Until a G7 level country begins accepting tax payments via cryptocurrencies, using cryptocurrency for material business transactions (involving more than one comma, say) or as a store of value is essentially entering into a never-ending race to stay ahead of criminals. The party YOU are dealing with using cryptocurrency may be on the straight and narrow but can still be wiped out by one flaw in their security systems. And unless your government has a stake in protecting the integrity of that cryptocurrency, it is likely your beef with the other party will be viewed as a battle of equal fools by the courts, leaving you on your own.

Need an Exhibit B?

https://www.theblock.co/post/160230/babel-finance-crypto-los…

An Asian firm named Babel Finance promotes itself as a crypto-lender. It isn’t clear if that means they

A) make loans denominated in common cryptocurrencies while internally funding those loans with traditional funds sources like any other bank or mortgage operation or

B) they sell loans in regular currencies but leverage internal cryptocurrency “investments” as the source of funds or

C) they lend in cryptocurrencies and internally fund those loans with crypto-centric investments.

The firm apparently had two different types of internal investment teams – a “Trading Team” that executed trades to fund its “retail” lending to its customers with typical reporting and controls and a “Proprietary Trading Team” that operated in parallel playing with the company’s money but apparently without any normal reporting about their positions and trades. It turns out the Proprietary team lost a boatload of money when Bitcoin dropped from $31,000 to $22,500 from June 6 to June 14 of 2022 and those losses so impaired the company’s own account that it starved the firm of liquidity to operate on behalf of its customers.

In other words, the Trading versus Proprietary Trading distinction was completely pointless. It turns out it is impossible to “hedge” bets in the cryptocurrency sector when the entire sector drops like a stone simultaneously. Who knew? In this case, it isn’t even clear if they made attempts to hedge those trades in the Proprietary account.

WTH

3 Likes

Company X and its usd revenues pays more as you advance. May bankrupt at the end of the day.

The issue is work is done.

Company X gets computers and automates. A lot less work is done.

Company Y is a software company. It automates a lot of things including its own development and production.

Even less work is done.

Company Z is in crypto and some work is done. It is not a Ponzi scheme.

But Company Z is not making false promises. Company X was.

Company Q in DeFi is making false promises. Fraudulent perhaps not a Ponzi scheme regardless.

The bigger immediate issue is fraud. The Ponzi scheme debate is a red herring.

But make no mistake - some of these folks are planning to eventually rug pull and run off with all of the investors’ money.

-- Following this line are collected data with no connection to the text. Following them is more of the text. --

lemma equilibria_stable:
  assumes ne: "equilibria \<noteq> {}"
  shows "\<forall>\<epsilon>>0. \<exists>\<delta>>0. \<forall>x. cara_sol K vf x \<and> x 0 \<in> Iset \<and> infdist (x 0) equilibria < \<delta>
           \<longrightarrow> (\<forall>t\<ge>0. infdist (x t) equilibria < \<epsilon>)"
proof (intro allI impI)
  fix \<epsilon> :: real assume e: "\<epsilon> > 0"
  define \<kappa> where "\<kappa> = sqrt (P_norm / P_min)"
  have \<kappa>: "\<kappa> \<ge> 0" unfolding \<kappa>_def using P_norm_nonneg P_min_pos by simp
  have bound: "infdist (x t) equilibria < \<epsilon>"
    if x: "cara_sol K vf x" "x 0 \<in> Iset" and x0: "infdist (x 0) equilibria < \<epsilon> / (\<kappa> + 1)"
      and t: "0 \<le> t" for x t
  proof -
    obtain q where q: "q \<in> equilibria" "dist (x 0) q < \<epsilon> / (\<kappa> + 1)" using infdist_lessE[OF x0 ne] .
    interpret network_trajectory C B H F D M Tq Teta Tl \<rho> tau c cbar d x q by (rule trajectory[OF x q(1)])
    have "infdist (x t) equilibria \<le> dist (x t) q" by (rule infdist_le[OF q(1)])
    also have "\<dots> \<le> \<kappa> * dist (x 0) q" unfolding \<kappa>_def by (rule dist_le[OF q(1) t])
    also have "\<dots> \<le> \<kappa> * (\<epsilon> / (\<kappa> + 1))" using q(2) \<kappa> by (intro mult_left_mono) auto
    also have "\<dots> < \<epsilon>" using e \<kappa> by (simp add: field_simps)
    finally show ?thesis .
  qed
  show "\<exists>\<delta>>0. \<forall>x. cara_sol K vf x \<and> x 0 \<in> Iset \<and> infdist (x 0) equilibria < \<delta>
           \<longrightarrow> (\<forall>t\<ge>0. infdist (x t) equilibria < \<epsilon>)"
  proof (intro exI[of _ "\<epsilon> / (\<kappa> + 1)"] conjI allI impI)
    show "\<epsilon> / (\<kappa> + 1) > 0" using e \<kappa> by simp
    fix x :: "real \<Rightarrow> ('n, 'e) state" and t :: real
    assume "cara_sol K vf x \<and> x 0 \<in> Iset \<and> infdist (x 0) equilibria < \<epsilon> / (\<kappa> + 1)" "0 \<le> t"
    then show "infdist (x t) equilibria < \<epsilon>" using bound by blast
  qed
qed

lemma trajectories_bounded_convergent:
  assumes "equilibria \<noteq> {}"
  shows "\<forall>x. cara_sol K vf x \<and> x 0 \<in> Iset \<longrightarrow>
           bounded (x ` {0..}) \<and> (\<exists>z\<in>equilibria. (x \<longlongrightarrow> z) at_top)"
proof (intro allI impI)
  fix x :: "real \<Rightarrow> ('n, 'e) state"
  assume x: "cara_sol K vf x \<and> x 0 \<in> Iset"
  obtain q where q: "q \<in> equilibria" using assms by blast
  interpret network_trajectory C B H F D M Tq Teta Tl \<rho> tau c cbar d x q
    using trajectory x q by blast
  obtain z where "z \<in> equilibria" "(x \<longlongrightarrow> z) at_top" by (rule converges_to_equilibrium)
  with bounded_x show "bounded (x ` {0..}) \<and> (\<exists>z\<in>equilibria. (x \<longlongrightarrow> z) at_top)" by blast
qed

end

theorem theorem5:
  fixes src tgt :: "'e::finite \<Rightarrow> 'n::finite"
    and B :: "real^'e^'e" and D M Tq :: "real^'n^'n" and Teta :: "real^('e + 'e)^('e + 'e)"
    and Tl \<rho> :: real and tau c cbar d :: "real^'n" and Fup Flow :: "real^'e"
  assumes graph: "digraph_ok src tgt" and conn: "graph_connected src tgt"
    and B: "pos_diag B" and D: "pos_diag D" and M: "pos_diag M"
    and Tq: "pos_diag Tq" and Teta: "pos_diag Teta" and Tl: "Tl > 0"
    and tau: "\<forall>j. tau $ j > 0"
    and c: "\<forall>j. c $ j > 0"
    and rho: "0 < \<rho>" "\<rho> < 4 * Min (range (\<lambda>j. c $ j))"
    and Enonempty: "{x \<in> Iset. rhs src tgt B D c cbar \<rho> d Fup Flow x = 0} \<noteq> {}"
  shows
    "let K = Kop Tq Tl M tau Teta; f = rhs src tgt B D c cbar \<rho> d Fup Flow;
         E = {x \<in> Iset. f x = 0}
     in
      (\<forall>\<epsilon>>0. \<exists>\<delta>>0. \<forall>x. cara_sol K f x \<and> x 0 \<in> Iset \<and> infdist (x 0) E < \<delta>
           \<longrightarrow> (\<forall>t\<ge>0. infdist (x t) E < \<epsilon>)) \<and>
      (\<forall>x. cara_sol K f x \<and> x 0 \<in> Iset \<longrightarrow>
           bounded (x ` {0..}) \<and>
           (\<exists>p\<in>E. (x \<longlongrightarrow> p) at_top))"
proof -
  interpret network "incidence src tgt" B "Hmat (incidence src tgt) B" "Fvec Fup Flow"
      D M Tq Teta Tl \<rho> tau c cbar d
    using B D M Tq Teta Tl tau c rho by unfold_locales auto
  have f: "rhs src tgt B D c cbar \<rho> d Fup Flow = vf"
  proof
    fix z :: "('n, 'e) state"
    obtain qh th l om al et where "z = (qh, th, l, om, al, et)" by (metis prod.collapse)
    then show "rhs src tgt B D c cbar \<rho> d Fup Flow z = vf z"
      by (simp add: rhs_def vf_def pi_of_def q_of_def y_of_def Let_def)
  qed
  have E: "{x \<in> Iset. vf x = 0} = equilibria" by (simp add: equilibria_def)
  have ne: "equilibria \<noteq> {}" using Enonempty unfolding f E .
  show ?thesis
    unfolding Let_def f E using equilibria_stable[OF ne] trajectories_bounded_convergent[OF ne] by (rule conjI)
qed

end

But the crypto space is, in general, functionally a Ponzi scheme in that it requires an ever-increasing amount of money to come in to keep the sector afloat and/or grow it.

This is particularly true in “crypto lending”, which is nothing but Ponzi even if the organisers don’t actually intend to run away with the money. The outcome for the “investors” is ultimately the same.

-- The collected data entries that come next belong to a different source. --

(* Let $I$ be a closed ideal of $A^+$ and let $f\in A^+$ with $f|_\Gamma\in I^A$. Then the division ideal $I(f)=\{g\in A^+: fg\in I\}$ is weak-$*$ closed in $A^+$.
   Context: $\Gamma$ is the unit circle, $A(\Gamma)$ the algebra of continuous functions on $\Gamma$ with absolutely convergent Fourier series, $A^+=\{f\in A(\Gamma):\hat f(n)=0\ (n<0)\}$. $I^A$ is the closed ideal of $A(\Gamma)$ generated by $I$. The weak-$*$ topology on $A^+$ is obtained by identifying $A^+$ via $f\mapsto(\hat f(n))_{n\ge0}$ with $\ell^1(\mathbb N)$, the dual of $c_0(\mathbb N)$. *)

theory Defs
  imports "HOL-Analysis.Analysis"
begin

text \<open>Model: an element of the Wiener algebra A(Gamma) is identified with its sequence of
Fourier coefficients (int => complex), an absolutely summable sequence; the function on the
circle is z |-> sum_n a n * z^n.  Multiplication of functions corresponds to convolution.\<close>

definition Wiener :: "(int \<Rightarrow> complex) set" where
  "Wiener = {a. (\<lambda>n. norm (a n)) summable_on UNIV}"

definition Wnorm :: "(int \<Rightarrow> complex) \<Rightarrow> real" where
  "Wnorm a = (\<Sum>\<^sub>\<infinity>n. norm (a n))"

definition conv :: "(int \<Rightarrow> complex) \<Rightarrow> (int \<Rightarrow> complex) \<Rightarrow> (int \<Rightarrow> complex)" where
  "conv a b = (\<lambda>n. \<Sum>\<^sub>\<infinity>k. a k * b (n - k))"

definition Aplus :: "(int \<Rightarrow> complex) set" where
  "Aplus = {a \<in> Wiener. \<forall>n<0. a n = 0}"

definition Wclosed :: "(int \<Rightarrow> complex) set \<Rightarrow> bool" where
  "Wclosed S \<longleftrightarrow> (\<forall>x a. (\<forall>k. x k \<in> S) \<longrightarrow> a \<in> Wiener \<longrightarrow>
      (\<lambda>k. Wnorm (\<lambda>n. x k n - a n)) \<longlonglongrightarrow> 0 \<longrightarrow> a \<in> S)"

definition closed_ideal_Aplus :: "(int \<Rightarrow> complex) set \<Rightarrow> bool" where
  "closed_ideal_Aplus I \<longleftrightarrow> I \<subseteq> Aplus \<and> (\<lambda>n. 0) \<in> I \<and>
     (\<forall>a\<in>I. \<forall>b\<in>I. (\<lambda>n. a n + b n) \<in> I) \<and>
     (\<forall>c. \<forall>a\<in>I. (\<lambda>n. c * a n) \<in> I) \<and>
     (\<forall>g\<in>Aplus. \<forall>a\<in>I. conv g a \<in> I) \<and> Wclosed I"

definition closed_ideal_A :: "(int \<Rightarrow> complex) set \<Rightarrow> bool" where
  "closed_ideal_A J \<longleftrightarrow> J \<subseteq> Wiener \<and> (\<lambda>n. 0) \<in> J \<and>
     (\<forall>a\<in>J. \<forall>b\<in>J. (\<lambda>n. a n + b n) \<in> J) \<and>
     (\<forall>c. \<forall>a\<in>J. (\<lambda>n. c * a n) \<in> J) \<and>
     (\<forall>g\<in>Wiener. \<forall>a\<in>J. conv g a \<in> J) \<and> Wclosed J"

definition IA :: "(int \<Rightarrow> complex) set \<Rightarrow> (int \<Rightarrow> complex) set" where
  "IA I = \<Inter>{J. closed_ideal_A J \<and> I \<subseteq> J}"

definition div_ideal :: "(int \<Rightarrow> complex) set \<Rightarrow> (int \<Rightarrow> complex) \<Rightarrow> (int \<Rightarrow> complex) set" where
  "div_ideal I f = {g \<in> Aplus. conv f g \<in> I}"

text \<open>l^1(N) and its weak-* topology as the dual of c_0(N): the coarsest topology on l^1(N)
making all functionals x |-> sum_n x n * c n (c in c_0) continuous.\<close>
definition l1N :: "(nat \<Rightarrow> complex) set" where
  "l1N = {x. (\<lambda>n. norm (x n)) summable_on UNIV}"

definition weakstar_l1N :: "(nat \<Rightarrow> complex) topology" where
  "weakstar_l1N = subtopology
     (topology_generated_by {{x. (\<Sum>\<^sub>\<infinity>n. x n * c n) \<in> U} | c U. c \<longlonglongrightarrow> 0 \<and> open U}) l1N"

definition coeffs_plus :: "(int \<Rightarrow> complex) \<Rightarrow> (nat \<Rightarrow> complex)" where
  "coeffs_plus f = (\<lambda>n. f (int n))"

Just my own case, I offers the NFT and the ability to buy merchandise. Not a word promising anything beyond that. The clean honesty is valuable in itself.

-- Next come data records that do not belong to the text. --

lemma colourings_glue:
  assumes fin: "finite V" and edges: "\<forall>a b. E a b \<noteq> None \<longrightarrow> a \<in> V \<and> b \<in> V"
    and ac: "arrow_closed V E S"
    and k1: "\<kappa>\<^sub>1 \<in> colourings (V - S) (induced_edges E (V - S)) M\<^sub>1"
    and k2: "\<kappa>\<^sub>2 \<in> colourings S (induced_edges E S) M\<^sub>2"
    and M1: "\<forall>i. P < i \<longrightarrow> M\<^sub>1 i = 0" and M2: "\<forall>i. i \<le> P \<longrightarrow> M\<^sub>2 i = 0"
  shows "(\<lambda>a. \<kappa>\<^sub>1 a + \<kappa>\<^sub>2 a) \<in> colourings V E (\<lambda>i. if i \<le> P then M\<^sub>1 i else M\<^sub>2 i)"
    and "{a\<in>V. P < \<kappa>\<^sub>1 a + \<kappa>\<^sub>2 a} = S"
proof -
  let ?\<kappa> = "\<lambda>a. \<kappa>\<^sub>1 a + \<kappa>\<^sub>2 a"
  have SV: "S \<subseteq> V" using ac by (simp add: arrow_closed_def)
  have pos1: "\<forall>a\<in>V - S. 1 \<le> \<kappa>\<^sub>1 a" and out1: "\<forall>a. a \<notin> V - S \<longrightarrow> \<kappa>\<^sub>1 a = 0"
    and pc1: "proper_col (induced_edges E (V - S)) \<kappa>\<^sub>1"
    and cnt1: "\<And>i. card {a\<in>V - S. \<kappa>\<^sub>1 a = i} = M\<^sub>1 i"
    using k1 unfolding colourings_def by auto
  have out2: "\<forall>a. a \<notin> S \<longrightarrow> \<kappa>\<^sub>2 a = 0"
    and pc2: "proper_col (induced_edges E S) \<kappa>\<^sub>2"
    and cnt2: "\<And>i. card {a\<in>S. \<kappa>\<^sub>2 a = i} = M\<^sub>2 i"
    using k2 unfolding colourings_def by auto
  have low: "?\<kappa> a = \<kappa>\<^sub>1 a \<and> 1 \<le> \<kappa>\<^sub>1 a \<and> \<kappa>\<^sub>1 a \<le> P" if "a \<in> V - S" for a
    using colour_le_of_multiplicity_support[OF _ k1 M1 that] fin pos1 out2 that by simp
  have high: "?\<kappa> a = \<kappa>\<^sub>2 a \<and> P < \<kappa>\<^sub>2 a" if "a \<in> S" for a
    using colour_gt_of_multiplicity_support[OF finite_subset[OF SV fin] k2 M2 that] out1 that by simp
  have outside: "?\<kappa> a = 0" if "a \<notin> V" for a
    using that SV out1 out2 by auto
  show upper: "{a\<in>V. P < ?\<kappa> a} = S"
  proof (intro set_eqI iffI)
    fix a assume "a \<in> {a\<in>V. P < ?\<kappa> a}"
    then show "a \<in> S" using low[of a] by (cases "a \<in> S") auto
  qed (use high SV in auto)
  have "proper_col E ?\<kappa>"
  proof (rule proper_col_glue[OF ac edges])
    show "proper_col (induced_edges E (V - S)) ?\<kappa>"
      using pc1 proper_col_induced_cong[of "V - S" \<kappa>\<^sub>1 ?\<kappa> E] low by simp
    show "proper_col (induced_edges E S) ?\<kappa>"
      using pc2 proper_col_induced_cong[of S \<kappa>\<^sub>2 ?\<kappa> E] high by simp
  qed (use low high in auto)
  moreover have "{a\<in>V. ?\<kappa> a = i} = (if i \<le> P then {a\<in>V - S. \<kappa>\<^sub>1 a = i} else {a\<in>S. \<kappa>\<^sub>2 a = i})" for i
  proof (intro set_eqI)
    fix a
    show "a \<in> {a\<in>V. ?\<kappa> a = i} \<longleftrightarrow> a \<in> (if i \<le> P then {a\<in>V - S. \<kappa>\<^sub>1 a = i} else {a\<in>S. \<kappa>\<^sub>2 a = i})"
      using low[of a] high[of a] SV by (cases "a \<in> S"; cases "a \<in> V") auto
  qed
  then have "card {a\<in>V. ?\<kappa> a = i} = (if i \<le> P then M\<^sub>1 i else M\<^sub>2 i)" for i
    using cnt1 cnt2 by simp
  moreover have "\<forall>a\<in>V. 1 \<le> ?\<kappa> a"
  proof
    fix a assume "a \<in> V"
    then show "1 \<le> ?\<kappa> a" using low[of a] high[of a] by (cases "a \<in> S") auto
  qed
  ultimately show "?\<kappa> \<in> colourings V E (\<lambda>i. if i \<le> P then M\<^sub>1 i else M\<^sub>2 i)"
    unfolding colourings_def using outside by blast
qed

The fraud is in the future promises.

That is why DeFi keeps getting into trouble.

But then again that is why the global financial system eventually gets into trouble as well.

As an artist either your project can sell for value or can not. It can be ultra hard for most artists to understand creating value. Young dreamers put the value into future promises.

Really skip over calling any of this a Ponzi scheme. Watch out for any fraud anywhere.